Because we’re witnessing “job hollowing.”
AI isn’t immediately firing people—it’s creating a competence illusion.
Previously, a seasoned analyst needed 10 years to produce a flawless research report.
Now, a fresh graduate with three AI agents can produce an 80–90 point report.
On the surface: everyone’s still employed.

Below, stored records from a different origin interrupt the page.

section \<open>Differentiation under a weighted integral\<close>

lemma uniform_first_order_remainder:
  fixes \<phi> \<phi>' :: "real \<Rightarrow> real \<Rightarrow> real"
  assumes "open U" "x \<in> U"
    and \<phi>_deriv: "\<And>y t. y \<in> U \<Longrightarrow> t \<in> {a..b} \<Longrightarrow> ((\<lambda>y. \<phi> y t) has_real_derivative \<phi>' y t) (at y)"
    and \<phi>'_cont: "continuous_on (U \<times> {a..b}) (\<lambda>(y, t). \<phi>' y t)"
    and "0 < \<epsilon>"
  shows "\<exists>d>0. \<forall>y t. \<bar>y - x\<bar> < d \<longrightarrow> t \<in> {a..b} \<longrightarrow>
    \<bar>\<phi> y t - \<phi> x t - (y - x) * \<phi>' x t\<bar> \<le> \<epsilon> * \<bar>y - x\<bar>"
proof -
  obtain \<delta> where \<delta>: "0 < \<delta>" "cball x \<delta> \<subseteq> U"
    using assms(1,2) open_contains_cball by blast
  define K where "K = cball x \<delta> \<times> {a..b}"
  have "uniformly_continuous_on K (\<lambda>(y, t). \<phi>' y t)"
    using \<delta> by (intro compact_uniformly_continuous continuous_on_subset[OF \<phi>'_cont])
       (auto simp: K_def intro!: compact_Times)
  then obtain d where d: "0 < d"
    "\<And>u v. u \<in> K \<Longrightarrow> v \<in> K \<Longrightarrow> dist u v < d \<Longrightarrow> dist ((\<lambda>(y, t). \<phi>' y t) u) ((\<lambda>(y, t). \<phi>' y t) v) < \<epsilon>"
    using \<open>0 < \<epsilon>\<close> unfolding uniformly_continuous_on_def by metis
  have "\<bar>\<phi> y t - \<phi> x t - (y - x) * \<phi>' x t\<bar> \<le> \<epsilon> * \<bar>y - x\<bar>"
    if y: "\<bar>y - x\<bar> < min d \<delta>" and t: "t \<in> {a..b}" for y t
  proof -
    have near: "\<bar>z - x\<bar> < min d \<delta>" if "z \<in> closed_segment x y" for z
      using segment_bound1[OF that] y by simp
    have "norm ((\<phi> y t - \<phi>' x t * y) - (\<phi> x t - \<phi>' x t * x)) \<le> \<epsilon> * norm (y - x)"
    proof (rule field_differentiable_bound[OF convex_closed_segment])
      fix z assume z: "z \<in> closed_segment x y"
      then have "z \<in> U"
        using near[OF z] \<delta>(2) by (auto simp: dist_real_def abs_minus_commute)
      then show "((\<lambda>z. \<phi> z t - \<phi>' x t * z) has_field_derivative \<phi>' z t - \<phi>' x t)
          (at z within closed_segment x y)"
        using DERIV_diff[OF \<phi>_deriv[OF _ t] DERIV_cmult_Id] by (blast intro: has_field_derivative_at_within)
      have "(z, t) \<in> K" "(x, t) \<in> K" "dist (z, t) (x, t) < d"
        using near[OF z] t \<delta>(1) by (auto simp: K_def dist_Pair_Pair dist_real_def abs_minus_commute)
      then show "norm (\<phi>' z t - \<phi>' x t) \<le> \<epsilon>"
        using d(2)[of "(z, t)" "(x, t)"] by (simp add: dist_real_def)
    qed auto
    then show ?thesis
      by (simp add: algebra_simps)
  qed
  then show ?thesis
    using d(1) \<delta>(1) by (intro exI[of _ "min d \<delta>"]) auto
qed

No layoffs.
In reality: the moat of experience has been flattened.
When juniors + AI match seniors’ output, employers may not cut headcount—but the market will reprice human capital.
Just as mental arithmetic lost value after calculators became ubiquitous, general cognitive labor is now deflating.
GDP appears stable—not because nothing changed, but because once-expensive intellectual services have become as cheap as tap water.
Deflationary pressure is already shadowing every white-collar worker.
So, don’t comfort yourself by saying, “I’m not in the 11.7%.”*
Ask instead: Once AI strips away the core value of your role, do your remaining skills still justify your current salary?
The future won’t pay for stored knowledge—that’s now free.
It will pay only for:
Decision-making under uncertainty,
Interpersonal trust,
Physical action in the real world—
the 88.3% AI cannot yet touch.
3. Lessons for China
Though focused on the U.S., this report holds profound implications for China.
If San Francisco mirrors Beijing’s Haidian District or Shanghai’s West Bund (where everyone obsesses over model parameters and compute power),
then America’s Rust Belt corresponds to China’s Foshan, Suzhou, Ningbo, Changsha, and similar industrial heartlands.
These regions host:
The world’s most complete manufacturing ecosystems,
The most intricate logistics networks,
The densest domestic and international trade workflows.
According to the Iceberg logic, China’s true AI explosion won’t start in a Beijing lab—it will ignite in a Ningbo injection-molding factory’s production scheduler or an Yiwu cross-border e-commerce back office.
Moreover, China’s Iceberg Index is likely even higher than America’s, thanks to:
Longer, more fragmented supply chains,
More administrative layers requiring coordination.
For Chinese policymakers and entrepreneurs, this is a clarion call:
Focus on industries that appear low in “tech content” but extremely high in data complexity.
Seek out “hidden champions” burdened by intricate processes and high labor costs.
That’s where China’s AI economic epicenter truly lies.